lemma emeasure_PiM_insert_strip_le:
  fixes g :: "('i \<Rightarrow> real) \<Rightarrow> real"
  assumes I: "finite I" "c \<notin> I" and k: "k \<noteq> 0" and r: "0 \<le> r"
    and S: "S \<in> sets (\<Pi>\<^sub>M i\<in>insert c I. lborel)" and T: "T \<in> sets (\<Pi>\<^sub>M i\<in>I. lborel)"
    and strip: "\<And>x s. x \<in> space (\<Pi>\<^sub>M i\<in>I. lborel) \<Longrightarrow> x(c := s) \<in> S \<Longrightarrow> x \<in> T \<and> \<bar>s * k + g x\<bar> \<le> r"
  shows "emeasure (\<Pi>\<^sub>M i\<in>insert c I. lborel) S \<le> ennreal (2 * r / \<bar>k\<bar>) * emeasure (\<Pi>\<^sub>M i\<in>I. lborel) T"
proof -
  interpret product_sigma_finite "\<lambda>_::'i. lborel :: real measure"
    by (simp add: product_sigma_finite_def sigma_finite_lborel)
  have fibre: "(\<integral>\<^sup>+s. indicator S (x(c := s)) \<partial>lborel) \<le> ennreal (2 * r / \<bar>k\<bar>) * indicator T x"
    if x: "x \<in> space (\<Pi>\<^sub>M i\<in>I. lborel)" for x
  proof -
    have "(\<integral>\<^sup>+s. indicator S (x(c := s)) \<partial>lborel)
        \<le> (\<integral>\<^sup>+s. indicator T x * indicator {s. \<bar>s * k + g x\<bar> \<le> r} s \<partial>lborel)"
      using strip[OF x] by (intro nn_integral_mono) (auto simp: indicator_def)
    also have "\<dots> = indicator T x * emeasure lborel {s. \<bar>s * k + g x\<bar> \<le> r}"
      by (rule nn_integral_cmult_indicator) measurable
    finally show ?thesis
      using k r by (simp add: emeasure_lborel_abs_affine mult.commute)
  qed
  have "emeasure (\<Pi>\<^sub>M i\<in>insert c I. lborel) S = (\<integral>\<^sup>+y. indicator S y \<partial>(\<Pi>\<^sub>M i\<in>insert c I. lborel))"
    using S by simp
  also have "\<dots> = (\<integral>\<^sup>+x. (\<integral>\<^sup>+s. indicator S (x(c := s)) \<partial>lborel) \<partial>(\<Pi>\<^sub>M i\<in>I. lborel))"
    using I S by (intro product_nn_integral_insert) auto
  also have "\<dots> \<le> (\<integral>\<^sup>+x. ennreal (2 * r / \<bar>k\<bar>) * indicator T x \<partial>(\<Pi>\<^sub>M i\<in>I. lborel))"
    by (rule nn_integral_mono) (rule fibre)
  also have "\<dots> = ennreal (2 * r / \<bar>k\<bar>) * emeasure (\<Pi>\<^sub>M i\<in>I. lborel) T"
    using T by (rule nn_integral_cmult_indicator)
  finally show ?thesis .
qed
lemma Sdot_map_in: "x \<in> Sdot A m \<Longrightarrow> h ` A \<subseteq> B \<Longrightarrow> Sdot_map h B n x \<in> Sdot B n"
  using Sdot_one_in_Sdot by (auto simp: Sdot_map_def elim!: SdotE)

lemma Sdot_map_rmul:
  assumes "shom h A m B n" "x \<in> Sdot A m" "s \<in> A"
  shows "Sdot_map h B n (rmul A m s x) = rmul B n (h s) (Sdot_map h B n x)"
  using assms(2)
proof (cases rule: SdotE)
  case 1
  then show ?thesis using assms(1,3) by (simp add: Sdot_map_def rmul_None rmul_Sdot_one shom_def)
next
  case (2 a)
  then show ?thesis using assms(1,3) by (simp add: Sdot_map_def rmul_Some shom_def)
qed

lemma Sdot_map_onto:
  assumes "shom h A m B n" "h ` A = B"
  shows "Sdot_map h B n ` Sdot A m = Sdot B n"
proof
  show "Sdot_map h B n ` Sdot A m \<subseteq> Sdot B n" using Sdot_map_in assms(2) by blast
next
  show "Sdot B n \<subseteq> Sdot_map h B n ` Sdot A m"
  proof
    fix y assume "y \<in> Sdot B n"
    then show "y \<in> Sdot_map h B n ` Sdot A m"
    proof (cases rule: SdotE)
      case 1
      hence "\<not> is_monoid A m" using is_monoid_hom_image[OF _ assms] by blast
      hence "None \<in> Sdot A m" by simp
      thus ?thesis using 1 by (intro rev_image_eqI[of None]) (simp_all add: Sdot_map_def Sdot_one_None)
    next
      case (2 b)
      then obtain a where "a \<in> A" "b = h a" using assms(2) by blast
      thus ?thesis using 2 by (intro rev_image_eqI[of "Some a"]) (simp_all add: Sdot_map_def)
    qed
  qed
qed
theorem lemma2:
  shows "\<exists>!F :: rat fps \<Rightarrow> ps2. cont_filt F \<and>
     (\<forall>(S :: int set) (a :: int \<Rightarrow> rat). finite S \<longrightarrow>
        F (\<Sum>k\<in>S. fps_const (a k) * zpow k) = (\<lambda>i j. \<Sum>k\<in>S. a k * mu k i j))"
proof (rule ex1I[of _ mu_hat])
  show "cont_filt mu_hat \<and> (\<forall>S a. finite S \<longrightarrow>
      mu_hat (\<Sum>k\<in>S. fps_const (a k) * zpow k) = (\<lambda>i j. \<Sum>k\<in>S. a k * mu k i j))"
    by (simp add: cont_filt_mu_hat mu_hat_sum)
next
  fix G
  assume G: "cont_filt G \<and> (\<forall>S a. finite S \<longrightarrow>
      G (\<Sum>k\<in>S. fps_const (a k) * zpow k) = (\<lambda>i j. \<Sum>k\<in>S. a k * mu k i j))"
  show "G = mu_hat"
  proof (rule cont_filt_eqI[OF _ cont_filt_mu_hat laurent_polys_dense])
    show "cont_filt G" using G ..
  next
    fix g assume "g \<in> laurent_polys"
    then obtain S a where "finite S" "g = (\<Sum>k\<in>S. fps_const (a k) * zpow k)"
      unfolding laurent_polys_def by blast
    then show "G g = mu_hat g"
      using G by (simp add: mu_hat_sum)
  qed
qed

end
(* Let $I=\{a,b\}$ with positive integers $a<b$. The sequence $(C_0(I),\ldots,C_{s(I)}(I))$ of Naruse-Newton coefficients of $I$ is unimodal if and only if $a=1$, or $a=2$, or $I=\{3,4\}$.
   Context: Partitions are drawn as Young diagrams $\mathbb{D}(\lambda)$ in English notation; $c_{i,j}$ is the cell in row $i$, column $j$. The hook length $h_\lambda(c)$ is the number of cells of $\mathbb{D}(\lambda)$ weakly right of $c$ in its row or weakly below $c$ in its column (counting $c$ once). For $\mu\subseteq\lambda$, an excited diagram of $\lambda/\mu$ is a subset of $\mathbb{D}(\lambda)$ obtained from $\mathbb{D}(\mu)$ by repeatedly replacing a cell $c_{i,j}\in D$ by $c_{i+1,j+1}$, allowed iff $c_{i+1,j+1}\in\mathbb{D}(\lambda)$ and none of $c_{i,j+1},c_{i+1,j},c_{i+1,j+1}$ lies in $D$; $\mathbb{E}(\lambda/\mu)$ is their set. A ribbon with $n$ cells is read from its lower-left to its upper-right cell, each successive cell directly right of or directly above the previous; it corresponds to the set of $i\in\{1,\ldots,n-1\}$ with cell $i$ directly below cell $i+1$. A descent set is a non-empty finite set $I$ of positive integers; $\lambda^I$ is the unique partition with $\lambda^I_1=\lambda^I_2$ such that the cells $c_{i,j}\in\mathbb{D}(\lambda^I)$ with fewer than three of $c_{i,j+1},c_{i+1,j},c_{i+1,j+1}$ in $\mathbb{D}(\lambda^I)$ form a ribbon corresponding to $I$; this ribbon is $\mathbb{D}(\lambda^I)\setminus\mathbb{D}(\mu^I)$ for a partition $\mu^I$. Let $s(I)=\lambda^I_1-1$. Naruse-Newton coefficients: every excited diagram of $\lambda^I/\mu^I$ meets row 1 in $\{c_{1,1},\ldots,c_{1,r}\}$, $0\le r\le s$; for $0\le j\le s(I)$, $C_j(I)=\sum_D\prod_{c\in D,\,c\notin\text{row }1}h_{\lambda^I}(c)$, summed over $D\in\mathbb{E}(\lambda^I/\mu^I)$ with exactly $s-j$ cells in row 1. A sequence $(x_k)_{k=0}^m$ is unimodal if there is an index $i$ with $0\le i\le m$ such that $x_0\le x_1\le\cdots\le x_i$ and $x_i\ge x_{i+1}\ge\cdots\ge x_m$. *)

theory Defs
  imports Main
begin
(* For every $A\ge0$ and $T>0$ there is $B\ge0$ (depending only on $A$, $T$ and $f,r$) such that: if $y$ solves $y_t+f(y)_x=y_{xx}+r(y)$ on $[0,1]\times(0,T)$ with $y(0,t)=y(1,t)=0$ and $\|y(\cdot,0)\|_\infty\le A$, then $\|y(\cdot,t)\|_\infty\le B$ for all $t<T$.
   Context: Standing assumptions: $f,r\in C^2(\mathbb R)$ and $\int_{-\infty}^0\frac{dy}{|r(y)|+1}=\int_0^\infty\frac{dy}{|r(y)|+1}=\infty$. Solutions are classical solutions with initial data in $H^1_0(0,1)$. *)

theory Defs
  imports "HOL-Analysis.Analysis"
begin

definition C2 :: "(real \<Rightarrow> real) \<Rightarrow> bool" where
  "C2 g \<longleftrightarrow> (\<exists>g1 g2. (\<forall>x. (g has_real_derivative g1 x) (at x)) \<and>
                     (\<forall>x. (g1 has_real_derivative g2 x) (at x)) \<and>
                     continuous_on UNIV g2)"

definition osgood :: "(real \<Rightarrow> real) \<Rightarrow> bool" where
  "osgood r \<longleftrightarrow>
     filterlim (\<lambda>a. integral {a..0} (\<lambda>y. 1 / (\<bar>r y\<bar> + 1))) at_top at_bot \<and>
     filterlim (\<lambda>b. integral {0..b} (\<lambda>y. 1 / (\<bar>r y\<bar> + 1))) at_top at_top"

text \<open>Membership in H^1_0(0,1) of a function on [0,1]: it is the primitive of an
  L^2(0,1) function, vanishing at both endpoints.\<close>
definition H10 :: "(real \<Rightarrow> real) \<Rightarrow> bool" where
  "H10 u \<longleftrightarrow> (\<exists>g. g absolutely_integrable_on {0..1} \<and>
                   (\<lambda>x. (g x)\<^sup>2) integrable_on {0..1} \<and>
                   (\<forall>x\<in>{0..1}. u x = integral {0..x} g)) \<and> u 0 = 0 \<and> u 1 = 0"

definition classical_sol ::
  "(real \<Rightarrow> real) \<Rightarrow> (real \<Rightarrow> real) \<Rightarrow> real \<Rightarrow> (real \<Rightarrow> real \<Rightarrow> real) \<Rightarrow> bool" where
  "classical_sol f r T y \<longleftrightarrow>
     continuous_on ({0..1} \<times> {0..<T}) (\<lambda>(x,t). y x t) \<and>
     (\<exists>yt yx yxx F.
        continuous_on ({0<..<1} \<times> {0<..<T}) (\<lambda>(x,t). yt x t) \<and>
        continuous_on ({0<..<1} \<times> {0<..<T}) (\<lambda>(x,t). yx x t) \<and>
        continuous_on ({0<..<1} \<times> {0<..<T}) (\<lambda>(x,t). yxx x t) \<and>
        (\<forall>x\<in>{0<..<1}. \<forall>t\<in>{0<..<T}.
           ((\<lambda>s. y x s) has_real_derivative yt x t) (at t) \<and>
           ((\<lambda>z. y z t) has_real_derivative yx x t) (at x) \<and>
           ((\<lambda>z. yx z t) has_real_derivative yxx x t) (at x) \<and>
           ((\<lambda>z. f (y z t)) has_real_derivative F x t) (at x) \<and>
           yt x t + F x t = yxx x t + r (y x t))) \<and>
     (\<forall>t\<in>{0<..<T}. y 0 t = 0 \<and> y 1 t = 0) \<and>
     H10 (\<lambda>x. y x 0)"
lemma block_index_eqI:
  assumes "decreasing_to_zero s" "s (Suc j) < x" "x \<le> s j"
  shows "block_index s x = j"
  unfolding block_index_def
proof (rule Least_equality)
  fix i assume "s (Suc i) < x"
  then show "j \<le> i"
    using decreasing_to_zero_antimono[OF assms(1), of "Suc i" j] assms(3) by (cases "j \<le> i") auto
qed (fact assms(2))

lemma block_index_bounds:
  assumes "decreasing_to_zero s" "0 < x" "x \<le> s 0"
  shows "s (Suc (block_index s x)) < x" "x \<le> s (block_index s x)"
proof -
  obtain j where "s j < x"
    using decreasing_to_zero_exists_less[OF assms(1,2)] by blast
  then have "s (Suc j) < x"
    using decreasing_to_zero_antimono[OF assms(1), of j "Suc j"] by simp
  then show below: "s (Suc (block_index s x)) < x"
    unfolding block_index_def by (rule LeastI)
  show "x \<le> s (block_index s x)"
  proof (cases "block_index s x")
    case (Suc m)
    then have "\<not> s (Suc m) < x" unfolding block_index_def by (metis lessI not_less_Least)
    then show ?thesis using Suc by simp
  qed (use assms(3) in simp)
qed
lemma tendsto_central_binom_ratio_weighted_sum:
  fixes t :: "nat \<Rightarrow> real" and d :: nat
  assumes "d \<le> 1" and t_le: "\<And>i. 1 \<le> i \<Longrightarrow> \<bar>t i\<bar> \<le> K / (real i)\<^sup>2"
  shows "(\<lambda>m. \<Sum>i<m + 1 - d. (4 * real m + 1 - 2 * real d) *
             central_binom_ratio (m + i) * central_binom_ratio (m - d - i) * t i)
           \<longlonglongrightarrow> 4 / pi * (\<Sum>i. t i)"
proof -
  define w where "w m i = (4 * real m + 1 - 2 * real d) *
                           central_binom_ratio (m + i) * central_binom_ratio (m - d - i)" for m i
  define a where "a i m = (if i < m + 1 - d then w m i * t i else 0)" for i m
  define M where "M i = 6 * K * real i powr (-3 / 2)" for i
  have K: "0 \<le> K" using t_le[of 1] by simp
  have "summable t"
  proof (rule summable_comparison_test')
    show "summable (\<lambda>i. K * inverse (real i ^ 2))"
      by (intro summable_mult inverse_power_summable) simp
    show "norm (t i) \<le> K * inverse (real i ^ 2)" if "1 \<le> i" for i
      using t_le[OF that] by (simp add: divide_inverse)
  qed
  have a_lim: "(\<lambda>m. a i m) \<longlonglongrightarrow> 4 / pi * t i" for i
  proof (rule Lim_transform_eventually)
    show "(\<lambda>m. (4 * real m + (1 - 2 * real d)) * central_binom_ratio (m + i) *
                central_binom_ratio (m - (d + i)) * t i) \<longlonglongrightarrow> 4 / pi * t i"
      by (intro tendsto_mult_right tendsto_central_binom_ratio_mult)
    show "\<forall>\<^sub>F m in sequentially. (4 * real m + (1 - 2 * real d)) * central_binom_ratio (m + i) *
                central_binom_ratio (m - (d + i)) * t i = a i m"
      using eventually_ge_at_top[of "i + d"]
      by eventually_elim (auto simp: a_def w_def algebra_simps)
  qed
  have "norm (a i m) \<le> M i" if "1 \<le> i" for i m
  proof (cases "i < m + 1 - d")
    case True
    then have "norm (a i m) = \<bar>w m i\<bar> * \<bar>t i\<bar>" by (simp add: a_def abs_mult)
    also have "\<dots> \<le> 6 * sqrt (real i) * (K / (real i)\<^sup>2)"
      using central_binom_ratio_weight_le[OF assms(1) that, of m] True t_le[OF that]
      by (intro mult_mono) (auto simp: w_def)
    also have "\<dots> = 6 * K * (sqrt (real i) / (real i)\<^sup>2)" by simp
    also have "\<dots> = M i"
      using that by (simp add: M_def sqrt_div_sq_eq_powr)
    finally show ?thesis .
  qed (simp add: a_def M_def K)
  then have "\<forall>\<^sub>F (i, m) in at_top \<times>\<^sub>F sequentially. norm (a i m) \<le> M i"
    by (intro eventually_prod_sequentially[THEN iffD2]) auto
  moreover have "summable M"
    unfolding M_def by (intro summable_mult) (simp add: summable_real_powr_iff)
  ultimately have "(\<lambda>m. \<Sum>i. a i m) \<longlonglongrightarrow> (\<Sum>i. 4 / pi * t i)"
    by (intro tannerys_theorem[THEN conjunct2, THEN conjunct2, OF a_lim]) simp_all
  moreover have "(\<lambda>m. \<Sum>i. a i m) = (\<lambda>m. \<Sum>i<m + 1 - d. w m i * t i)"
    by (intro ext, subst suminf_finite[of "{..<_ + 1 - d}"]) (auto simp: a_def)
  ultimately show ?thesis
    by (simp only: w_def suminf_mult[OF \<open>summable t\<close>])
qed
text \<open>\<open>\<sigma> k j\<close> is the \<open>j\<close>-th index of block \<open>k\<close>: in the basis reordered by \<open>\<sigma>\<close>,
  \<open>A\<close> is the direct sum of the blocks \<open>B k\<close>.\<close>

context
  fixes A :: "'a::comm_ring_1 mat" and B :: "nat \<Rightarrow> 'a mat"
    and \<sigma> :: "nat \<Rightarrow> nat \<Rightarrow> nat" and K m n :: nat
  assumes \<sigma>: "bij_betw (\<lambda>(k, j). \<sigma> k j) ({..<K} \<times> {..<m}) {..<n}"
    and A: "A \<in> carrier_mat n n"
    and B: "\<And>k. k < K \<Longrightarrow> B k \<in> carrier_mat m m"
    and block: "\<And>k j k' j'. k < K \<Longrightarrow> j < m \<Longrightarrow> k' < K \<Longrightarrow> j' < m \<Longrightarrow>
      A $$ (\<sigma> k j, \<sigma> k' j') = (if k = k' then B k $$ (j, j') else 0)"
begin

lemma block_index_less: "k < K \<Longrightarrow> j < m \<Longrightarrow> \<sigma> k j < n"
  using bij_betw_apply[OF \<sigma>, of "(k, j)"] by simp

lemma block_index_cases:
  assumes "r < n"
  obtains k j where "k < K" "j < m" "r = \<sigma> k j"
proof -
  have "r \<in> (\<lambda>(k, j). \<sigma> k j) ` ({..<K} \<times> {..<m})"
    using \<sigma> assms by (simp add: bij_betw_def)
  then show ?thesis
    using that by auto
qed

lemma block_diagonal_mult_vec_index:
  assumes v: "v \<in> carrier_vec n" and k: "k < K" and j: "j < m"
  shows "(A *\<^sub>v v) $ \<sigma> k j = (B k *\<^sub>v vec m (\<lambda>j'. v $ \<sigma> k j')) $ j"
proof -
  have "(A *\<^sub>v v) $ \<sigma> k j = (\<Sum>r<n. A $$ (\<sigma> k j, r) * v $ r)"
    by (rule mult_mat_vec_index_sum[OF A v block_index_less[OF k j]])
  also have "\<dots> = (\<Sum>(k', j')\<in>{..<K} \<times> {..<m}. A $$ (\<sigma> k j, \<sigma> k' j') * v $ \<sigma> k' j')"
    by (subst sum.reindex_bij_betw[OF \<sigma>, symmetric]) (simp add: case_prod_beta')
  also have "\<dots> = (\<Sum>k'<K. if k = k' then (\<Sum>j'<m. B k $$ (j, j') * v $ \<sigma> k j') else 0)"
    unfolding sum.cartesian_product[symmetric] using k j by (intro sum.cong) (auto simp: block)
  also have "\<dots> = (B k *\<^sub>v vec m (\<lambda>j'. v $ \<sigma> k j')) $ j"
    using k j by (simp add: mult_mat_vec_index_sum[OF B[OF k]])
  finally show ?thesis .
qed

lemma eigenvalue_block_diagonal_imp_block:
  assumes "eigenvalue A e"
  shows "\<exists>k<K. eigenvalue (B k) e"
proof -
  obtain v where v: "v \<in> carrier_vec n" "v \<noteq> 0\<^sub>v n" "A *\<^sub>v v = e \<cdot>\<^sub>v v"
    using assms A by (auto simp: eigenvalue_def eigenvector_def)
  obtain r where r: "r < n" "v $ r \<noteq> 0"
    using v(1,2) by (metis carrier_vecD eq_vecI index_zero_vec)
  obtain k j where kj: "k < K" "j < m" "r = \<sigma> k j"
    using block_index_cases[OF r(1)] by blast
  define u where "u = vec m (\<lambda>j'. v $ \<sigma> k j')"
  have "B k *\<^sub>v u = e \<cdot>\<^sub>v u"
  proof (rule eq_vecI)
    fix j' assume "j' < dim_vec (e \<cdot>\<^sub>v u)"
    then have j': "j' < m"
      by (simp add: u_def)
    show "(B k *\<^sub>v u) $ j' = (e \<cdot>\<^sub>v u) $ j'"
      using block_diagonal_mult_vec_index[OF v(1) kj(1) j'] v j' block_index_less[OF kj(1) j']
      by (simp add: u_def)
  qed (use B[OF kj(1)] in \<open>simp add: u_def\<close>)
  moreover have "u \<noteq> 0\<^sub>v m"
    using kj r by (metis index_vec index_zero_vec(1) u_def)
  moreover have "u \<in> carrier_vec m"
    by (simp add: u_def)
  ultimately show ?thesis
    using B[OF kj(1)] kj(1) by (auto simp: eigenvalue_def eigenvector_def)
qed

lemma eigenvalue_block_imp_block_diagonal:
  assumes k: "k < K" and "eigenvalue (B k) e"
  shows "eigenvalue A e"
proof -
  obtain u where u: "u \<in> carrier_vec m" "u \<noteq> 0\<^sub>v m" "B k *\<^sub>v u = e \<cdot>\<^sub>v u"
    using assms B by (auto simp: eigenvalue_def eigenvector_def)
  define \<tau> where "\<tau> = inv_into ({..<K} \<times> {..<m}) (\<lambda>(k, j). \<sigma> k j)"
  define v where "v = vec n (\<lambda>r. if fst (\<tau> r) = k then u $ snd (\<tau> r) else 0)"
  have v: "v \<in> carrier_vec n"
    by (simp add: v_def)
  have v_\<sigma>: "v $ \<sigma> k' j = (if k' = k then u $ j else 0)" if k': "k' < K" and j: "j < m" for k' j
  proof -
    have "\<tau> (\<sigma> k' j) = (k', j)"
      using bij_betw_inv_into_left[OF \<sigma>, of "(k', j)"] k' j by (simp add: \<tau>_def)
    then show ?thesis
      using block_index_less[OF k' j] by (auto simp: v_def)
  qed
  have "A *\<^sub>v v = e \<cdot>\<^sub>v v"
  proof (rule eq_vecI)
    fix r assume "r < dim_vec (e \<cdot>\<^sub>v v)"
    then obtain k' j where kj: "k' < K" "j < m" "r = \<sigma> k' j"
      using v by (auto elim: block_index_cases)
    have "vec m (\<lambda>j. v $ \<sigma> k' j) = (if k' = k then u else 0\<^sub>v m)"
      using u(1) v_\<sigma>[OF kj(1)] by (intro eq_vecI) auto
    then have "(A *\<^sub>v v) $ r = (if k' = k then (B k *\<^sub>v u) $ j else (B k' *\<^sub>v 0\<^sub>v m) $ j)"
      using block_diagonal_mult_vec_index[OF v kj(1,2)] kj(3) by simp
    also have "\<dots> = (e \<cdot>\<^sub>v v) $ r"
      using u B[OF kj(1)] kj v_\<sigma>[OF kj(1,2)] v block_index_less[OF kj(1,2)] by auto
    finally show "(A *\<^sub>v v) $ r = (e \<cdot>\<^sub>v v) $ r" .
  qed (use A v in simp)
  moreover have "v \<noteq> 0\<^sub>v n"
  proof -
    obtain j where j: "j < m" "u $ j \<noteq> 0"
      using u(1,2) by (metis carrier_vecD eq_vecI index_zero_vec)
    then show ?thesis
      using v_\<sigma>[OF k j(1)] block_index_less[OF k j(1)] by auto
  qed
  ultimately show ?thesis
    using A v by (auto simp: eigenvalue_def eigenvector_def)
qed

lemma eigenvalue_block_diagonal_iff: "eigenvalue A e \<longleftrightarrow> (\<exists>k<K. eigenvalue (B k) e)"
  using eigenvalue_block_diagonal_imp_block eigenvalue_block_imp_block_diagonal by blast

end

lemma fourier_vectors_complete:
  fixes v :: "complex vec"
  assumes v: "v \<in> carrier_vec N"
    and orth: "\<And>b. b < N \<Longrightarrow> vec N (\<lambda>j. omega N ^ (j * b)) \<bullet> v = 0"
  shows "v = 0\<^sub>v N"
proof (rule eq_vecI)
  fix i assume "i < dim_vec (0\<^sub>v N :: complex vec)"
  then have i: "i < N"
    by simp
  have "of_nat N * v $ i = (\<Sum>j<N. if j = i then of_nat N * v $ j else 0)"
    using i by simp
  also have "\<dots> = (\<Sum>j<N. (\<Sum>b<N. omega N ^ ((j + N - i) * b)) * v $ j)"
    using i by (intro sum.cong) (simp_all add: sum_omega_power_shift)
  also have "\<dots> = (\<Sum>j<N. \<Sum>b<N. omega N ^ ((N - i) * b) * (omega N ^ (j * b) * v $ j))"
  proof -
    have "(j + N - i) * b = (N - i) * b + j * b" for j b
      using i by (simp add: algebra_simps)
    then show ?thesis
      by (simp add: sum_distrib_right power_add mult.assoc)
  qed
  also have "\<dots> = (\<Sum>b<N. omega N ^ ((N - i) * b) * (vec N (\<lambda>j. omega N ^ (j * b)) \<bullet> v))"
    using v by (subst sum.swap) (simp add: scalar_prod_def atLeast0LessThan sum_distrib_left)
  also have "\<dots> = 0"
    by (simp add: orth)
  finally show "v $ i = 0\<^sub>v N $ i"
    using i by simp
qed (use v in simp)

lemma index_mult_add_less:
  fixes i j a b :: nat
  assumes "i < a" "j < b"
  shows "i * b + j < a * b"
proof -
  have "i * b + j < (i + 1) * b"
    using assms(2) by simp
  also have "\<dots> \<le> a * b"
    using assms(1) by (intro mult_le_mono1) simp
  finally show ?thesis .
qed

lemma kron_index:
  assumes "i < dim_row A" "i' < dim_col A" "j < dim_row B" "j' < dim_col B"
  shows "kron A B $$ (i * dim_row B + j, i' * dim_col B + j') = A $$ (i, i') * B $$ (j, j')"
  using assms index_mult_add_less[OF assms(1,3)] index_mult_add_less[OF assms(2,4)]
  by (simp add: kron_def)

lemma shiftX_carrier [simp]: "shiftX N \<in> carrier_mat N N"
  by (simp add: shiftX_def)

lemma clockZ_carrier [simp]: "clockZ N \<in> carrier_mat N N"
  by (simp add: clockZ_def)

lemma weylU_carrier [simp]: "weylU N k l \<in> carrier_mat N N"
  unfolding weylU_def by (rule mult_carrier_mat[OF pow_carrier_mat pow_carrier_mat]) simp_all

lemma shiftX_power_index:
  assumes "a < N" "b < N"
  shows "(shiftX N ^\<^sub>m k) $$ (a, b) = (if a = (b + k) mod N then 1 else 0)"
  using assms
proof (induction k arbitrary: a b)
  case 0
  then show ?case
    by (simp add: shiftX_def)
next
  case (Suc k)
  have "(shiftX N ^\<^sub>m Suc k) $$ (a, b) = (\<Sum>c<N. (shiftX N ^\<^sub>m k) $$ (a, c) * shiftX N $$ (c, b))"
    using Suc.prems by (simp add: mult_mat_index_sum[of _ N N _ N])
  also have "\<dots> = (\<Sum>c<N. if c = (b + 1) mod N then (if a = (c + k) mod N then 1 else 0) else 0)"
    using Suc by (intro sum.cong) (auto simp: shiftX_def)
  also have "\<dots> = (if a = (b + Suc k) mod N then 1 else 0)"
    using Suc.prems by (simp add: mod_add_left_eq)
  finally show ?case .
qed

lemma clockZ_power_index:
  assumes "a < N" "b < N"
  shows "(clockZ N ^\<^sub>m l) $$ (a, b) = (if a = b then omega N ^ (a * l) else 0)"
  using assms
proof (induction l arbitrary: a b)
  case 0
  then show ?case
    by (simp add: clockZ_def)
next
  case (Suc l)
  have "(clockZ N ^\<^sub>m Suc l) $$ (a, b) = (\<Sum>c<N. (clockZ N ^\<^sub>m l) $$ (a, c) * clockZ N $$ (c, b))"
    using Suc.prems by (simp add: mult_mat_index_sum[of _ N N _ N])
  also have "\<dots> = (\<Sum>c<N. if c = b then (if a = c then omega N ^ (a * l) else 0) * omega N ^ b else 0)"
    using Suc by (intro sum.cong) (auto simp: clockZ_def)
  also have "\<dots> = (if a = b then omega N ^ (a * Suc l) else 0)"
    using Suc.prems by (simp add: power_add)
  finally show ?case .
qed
------------------------------------------------------------------------
WHAT THE TASK REQUIRES:
List every line above that contains the word "space".

EXERCISE RESPONSE:
    and strip: "\<And>x s. x \<in> space (\<Pi>\<^sub>M i\<in>I. lborel) \<Longrightarrow> x(c := s) \<in> S \<Longrightarrow> x \<in> T \<and> \<bar>s * k + g x\<bar> \<le> r"
    if x: "x \<in> space (\<Pi>\<^sub>M i\<in>I. lborel)" for x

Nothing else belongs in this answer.